4. method according to claim 3, it is characterised in that the step (4) specifically includes：

(4.1) object candidate area and its extension neighborhood for being obtained for step (3.2), carry out quick Target Segmentation operation, The initial segmentation of target is obtained, object boundary is determined；

(4.2) it is constraint with space-time consistency in short-term, based on the accumulation confidence level ranking results in step (3.2), from the pass Chief frame of video is filtered out in key frame of video；

(4.3) with it is long when space-time consistency be constraint, based on the initial segmentation of step (4.1), positioning target to be identified is carried out Outward appearance is modeled, and carries out 3-D graphic structure to Chief frame of video and its consecutive frame, and design maximum a posteriori probability-Ma Erke Husband's random field energy function, cuts algorithm and initial segmentation is optimized by figure, to the object segmentation result of single frames before the frame Carry out splitting extension and optimization in consecutive frame afterwards.

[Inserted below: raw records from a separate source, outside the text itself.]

lemma symmetric_two_eigenvalues_annihilated:
  fixes M :: "real mat"
  assumes M: "M \<in> carrier_mat n n" and cp: "char_poly M = (\<Prod>e\<leftarrow>es. [:-e, 1:])"
    and sym: "\<And>i j. i < n \<Longrightarrow> j < n \<Longrightarrow> M $$ (i,j) = M $$ (j,i)"
    and es: "set es \<subseteq> {a, b}"
  shows "char_matrix M a * char_matrix M b = 0\<^sub>m n n"
proof -
  obtain U P Q where "schur_decomposition M es = (U,P,Q)"
    by (cases "schur_decomposition M es")
  from schur_decomposition[OF M cp this] have wit: "similar_mat_wit M U P Q"
    and ut: "upper_triangular U" and diag: "diag_mat U = es" by auto
  have U: "U \<in> carrier_mat n n" using similar_mat_witD2[OF M wit] by auto
  define N where "N = char_matrix M a * char_matrix M b"
  define W where "W = char_matrix U a * char_matrix U b"
  have W: "W \<in> carrier_mat n n" "upper_triangular W"
    using U unfolding W_def by (auto intro!: upper_triangular_mult[of _ n]
        upper_triangular_char_matrix[OF U ut] mult_carrier_mat[of _ n n _ n])
  have "W $$ (i,i) = 0" if "i < n" for i
  proof -
    have "U $$ (i,i) \<in> set es" using diag U that by (auto simp: diag_mat_def)
    hence "U $$ (i,i) \<in> {a, b}" using es by blast
    thus ?thesis
      using diag_mult_upper_triangular[OF char_matrix_closed[OF U] char_matrix_closed[OF U]
          upper_triangular_char_matrix[OF U ut]
          upper_triangular_char_matrix[OF U ut] that] U that
      by (auto simp: W_def char_matrix_def)
  qed
  hence "mat_trace (W * W) = 0"
    using W diag_mult_upper_triangular[OF W(1) W(1) W(2) W(2)] by (simp add: mat_trace_def)
  moreover have "similar_mat_wit (N * N) (W * W) P Q"
    unfolding N_def W_def by (intro similar_mat_wit_mult similar_mat_wit_char_matrix wit)
  ultimately have "mat_trace (N * N) = 0" by (simp add: similar_mat_wit_trace)
  moreover have "N $$ (i,j) = N $$ (j,i)" if "i < n" "j < n" for i j
    using that sym M unfolding N_def index_char_matrix_mult_char_matrix[OF M that]
      index_char_matrix_mult_char_matrix[OF M that(2,1)]
    by (auto simp: scalar_prod_def atLeast0LessThan mult.commute intro!: sum.cong)
  moreover have "N \<in> carrier_mat n n"
    unfolding N_def by (rule mult_carrier_mat[OF char_matrix_closed[OF M] char_matrix_closed[OF M]])
  ultimately show ?thesis unfolding N_def by (intro symmetric_mat_trace_square_eq_0) auto
qed

section \<open>Rank-one updates\<close>

lemma det_rank_one_update:
  fixes U W :: "'a :: field mat"
  assumes U: "U \<in> carrier_mat n 1" and W: "W \<in> carrier_mat 1 n" and d: "d \<noteq> 0"
  shows "det (d \<cdot>\<^sub>m 1\<^sub>m n - U * W) * d = d ^ n * (d - (W * U) $$ (0,0))"
proof -
  define c where "c = (W * U) $$ (0,0)"
  define L1 where "L1 = four_block_mat (d \<cdot>\<^sub>m 1\<^sub>m n - U * W) U (0\<^sub>m 1 n) (1\<^sub>m 1)"
  define R1 where "R1 = four_block_mat (1\<^sub>m n) (0\<^sub>m n 1) W (1\<^sub>m 1)"
  define L2 where "L2 = four_block_mat (1\<^sub>m n) (0\<^sub>m n 1) ((1/d) \<cdot>\<^sub>m W) (1\<^sub>m 1)"
  define R2 where "R2 = four_block_mat (d \<cdot>\<^sub>m 1\<^sub>m n) U (0\<^sub>m 1 n) (1\<^sub>m 1 - (1/d) \<cdot>\<^sub>m (W * U))"
  define T where "T = four_block_mat (d \<cdot>\<^sub>m 1\<^sub>m n) U W (1\<^sub>m 1)"
  have UW: "U * W \<in> carrier_mat n n" and WU: "W * U \<in> carrier_mat 1 1" using U W by auto
  \<comment> \<open>two block factorisations of the bordered matrix \<open>T\<close>\<close>
  have "L1 * R1 = four_block_mat ((d \<cdot>\<^sub>m 1\<^sub>m n - U * W) * 1\<^sub>m n + U * W)
      ((d \<cdot>\<^sub>m 1\<^sub>m n - U * W) * 0\<^sub>m n 1 + U * 1\<^sub>m 1) (0\<^sub>m 1 n * 1\<^sub>m n + 1\<^sub>m 1 * W)
      (0\<^sub>m 1 n * 0\<^sub>m n 1 + 1\<^sub>m 1 * 1\<^sub>m 1)"
    unfolding L1_def R1_def by (rule mult_four_block_mat, insert U W, auto)
  also have "\<dots> = T" unfolding T_def
    by (intro arg_cong4[where f = four_block_mat] eq_matI, insert U W UW, auto)
  finally have LR1: "L1 * R1 = T" .
  have "L2 * R2 = four_block_mat (1\<^sub>m n * (d \<cdot>\<^sub>m 1\<^sub>m n) + 0\<^sub>m n 1 * 0\<^sub>m 1 n)
      (1\<^sub>m n * U + 0\<^sub>m n 1 * (1\<^sub>m 1 - (1/d) \<cdot>\<^sub>m (W * U)))
      ((1/d) \<cdot>\<^sub>m W * (d \<cdot>\<^sub>m 1\<^sub>m n) + 1\<^sub>m 1 * 0\<^sub>m 1 n)
      ((1/d) \<cdot>\<^sub>m W * U + 1\<^sub>m 1 * (1\<^sub>m 1 - (1/d) \<cdot>\<^sub>m (W * U)))"
    unfolding L2_def R2_def by (rule mult_four_block_mat, insert U W WU, auto)
  also have "\<dots> = T" unfolding T_def
    by (intro arg_cong4[where f = four_block_mat] eq_matI, insert U W UW WU d, auto)
  finally have LR2: "L2 * R2 = T" .
  have carrier: "L1 \<in> carrier_mat (n+1) (n+1)" "R1 \<in> carrier_mat (n+1) (n+1)"
    "L2 \<in> carrier_mat (n+1) (n+1)" "R2 \<in> carrier_mat (n+1) (n+1)"
    unfolding L1_def R1_def L2_def R2_def using U W by auto
  have "det L1 = det (d \<cdot>\<^sub>m 1\<^sub>m n - U * W)" unfolding L1_def
    by (subst det_four_block_mat_lower_left_zero[of _ n _ 1], insert U W UW, auto)
  moreover have "det R1 = 1" unfolding R1_def
    by (subst det_four_block_mat_upper_right_zero[of _ n _ 1], insert U W, auto)
  moreover have "det L2 = 1" unfolding L2_def
    by (subst det_four_block_mat_upper_right_zero[of _ n _ 1], insert U W, auto)
  moreover have "det R2 = d ^ n * (1 - c / d)"
  proof -
    have "1\<^sub>m 1 - (1/d) \<cdot>\<^sub>m (W * U) \<in> carrier_mat 1 1"
      using WU by (intro minus_carrier_mat smult_carrier_mat)
    hence "det (1\<^sub>m 1 - (1/d) \<cdot>\<^sub>m (W * U)) = 1 - c / d"
      using carrier_matD[OF WU] unfolding c_def by (simp add: det_single)
    thus ?thesis unfolding R2_def
      by (subst det_four_block_mat_lower_left_zero[of _ n _ 1], insert U W WU, auto)
  qed
  ultimately have "det (d \<cdot>\<^sub>m 1\<^sub>m n - U * W) = d ^ n * (1 - c / d)"
    using det_mult[OF carrier(1,2)] det_mult[OF carrier(3,4)] LR1 LR2 by simp
  thus ?thesis using d unfolding c_def by (simp add: field_simps)
qed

5. method according to claim 4, it is characterised in that the step (5) specifically includes：

(5.1) the Chief frame of video obtained for step (4.2), according to adjacent between each Chief frame of video and regards Wild coincidence relation, extracts multigroup same place point to as positioning reference point；

(5.2) the Chief frame of video overlapped according to the visual field estimates camera perspective change, and then by geometrical relationship, using fixed The depth information of position reference point point pair estimates the movable information of camera；

(5.3) according to the information that fathoms of positioning target to be identified, camera perspective and camera in Chief frame of video Movable information, evaluates the locus uniformity of positioning target to be identified in Chief frame of video；

(5.4) according to the result of step (4.3), the feature consistency of positioning target two dimension cut zone to be identified is evaluated；

(5.5) feature consistency and locus by overall merit positioning target two dimension cut zone to be identified are consistent Property, determine the locus of positioning target to be identified.

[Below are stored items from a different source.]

lemma h_strict_decreasing_near_fixed_point:
  assumes "1 \<le> K" "K < d" "0 < c"
  obtains lam1 :: real and b :: nat where "lam1 < 1"
    "\<And>lam u x y. lam1 < lam \<Longrightarrow> lam < 1 \<Longrightarrow> 1 < u \<Longrightarrow> u \<le> 1 + c * (1 - lam) \<Longrightarrow>
       T K d lam u = u \<Longrightarrow> u - lam ^ b \<le> x \<Longrightarrow> x < y \<Longrightarrow> y \<le> u \<Longrightarrow>
       h K d lam u y < h K d lam u x"
proof -
  define n where "n = d - 1"
  define M where "M = real (n + 1) * 4 ^ n"
  define b where "b = nat \<lceil>M * 2 ^ n * c\<rceil> + 1"
  define lam1 where "lam1 = max (1 - 1 / c) (1 - 1 / (2 * real b))"
  have "K \<le> n" "1 \<le> M" "M * 2 ^ n * c < real b" "1 \<le> b"
    using assms by (auto simp: n_def M_def b_def one_le_power order_trans[of 1 "real (Suc n)"]) linarith
  show thesis
  proof (rule that)
    show "lam1 < 1" using \<open>0 < c\<close> \<open>1 \<le> b\<close> by (simp add: lam1_def)
    fix lam u x y
    assume lam: "lam1 < lam" "lam < 1"
      and u: "1 < u" "u \<le> 1 + c * (1 - lam)" "T K d lam u = u"
      and xy: "u - lam ^ b \<le> x" "x < y" "y \<le> u"
    define s\<^sub>0 where "s\<^sub>0 = lam ^ b"
    have "1 / 2 \<le> 1 - 1 / (2 * real b)" using \<open>1 \<le> b\<close> by (simp add: field_simps)
    then have "0 < lam" using lam by (simp add: lam1_def)
    have "c * (1 - lam) < 1" using lam \<open>0 < c\<close> by (simp add: lam1_def field_simps)
    then have "u \<le> 2" using u by simp
    have "1 / 2 \<le> s\<^sub>0" "real b * (1 - lam) / 2 \<le> 1 - s\<^sub>0"
      using power_near_1_bounds[of b lam] lam \<open>1 \<le> b\<close> by (simp_all add: lam1_def s\<^sub>0_def)
    then have gap: "M * (u - 1) ^ K < real (n choose K) * s\<^sub>0 ^ (n - K) * (1 - s\<^sub>0) ^ K"
      using u lam assms \<open>K \<le> n\<close> \<open>1 \<le> M\<close> \<open>M * 2 ^ n * c < real b\<close>
      by (intro binom_term_dominates[where c = c and r = "1 - lam" and \<beta> = "real b"]) auto
    have "s\<^sub>0 < 1" using lam \<open>0 < lam\<close> \<open>1 \<le> b\<close> by (simp add: s\<^sub>0_def power_less_one_iff)
    have "(u - T K d lam (u - y)) / y < (u - T K d lam (u - x)) / x"
    proof (rule secant_slope_strict_decreasing[OF T_has_derivative u(3)])
      fix s \<xi> assume "u - y \<le> s" "s \<le> u - x" "s < \<xi>" "\<xi> < u"
      then have "binom_partial n K s < binom_partial n K \<xi>"
        using binom_partial_less_beyond_1[of K n s s\<^sub>0 \<xi> u] gap xy assms \<open>K \<le> n\<close> \<open>s\<^sub>0 < 1\<close> \<open>u \<le> 2\<close>
        by (simp add: M_def s\<^sub>0_def)
      then show "lam * (real d / real K) * binom_partial (d - 1) K s
          < lam * (real d / real K) * binom_partial (d - 1) K \<xi>"
        using assms \<open>0 < lam\<close> by (intro mult_strict_left_mono) (auto simp: n_def)
    qed (use assms xy \<open>s\<^sub>0 < 1\<close> u in \<open>auto simp: s\<^sub>0_def\<close>)
    then show "h K d lam u y < h K d lam u x" by (simp add: h_def)
  qed
qed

6. a kind of robot target identification and alignment system based on RGB-D videos, it is characterised in that including：

Acquisition module, the RGB-D sequence of frames of video for obtaining scene where positioning target to be identified；

Filtering screening module, for extracting the key video sequence frame in the RGB-D sequence of frames of video, and to the key video sequence frame Object candidate area is extracted, sieves is carried out to the object candidate area according to the corresponding depth information of each key video sequence frame Choosing；

Confidence level order module, for being identified to the object candidate area after filtering screening based on depth network, by length Sequential space time correlation is constrained and multiframe identification Uniform estimates, and confidence level sequence is carried out to target identification result；

Optimization module, for carrying out local Fast Segmentation to the object candidate area after filtering screening, according to target identification result Confidence level and each key video sequence frame timing intervals relation, from the key video sequence frame choose Chief frame of video, and Front and rear consecutive frame extension and collaboration optimization are carried out to cut zone；

Locating module, for determining key feature points in the scene as positioning reference point, and then estimates camera perspective and camera Motion estimated values, recognize that segmentation result carries out target signature consistency constraint and target location one by Chief frame of video The constraint of cause property, estimates the collaboration confidence level of positioning target to be identified and carries out space and be accurately positioned.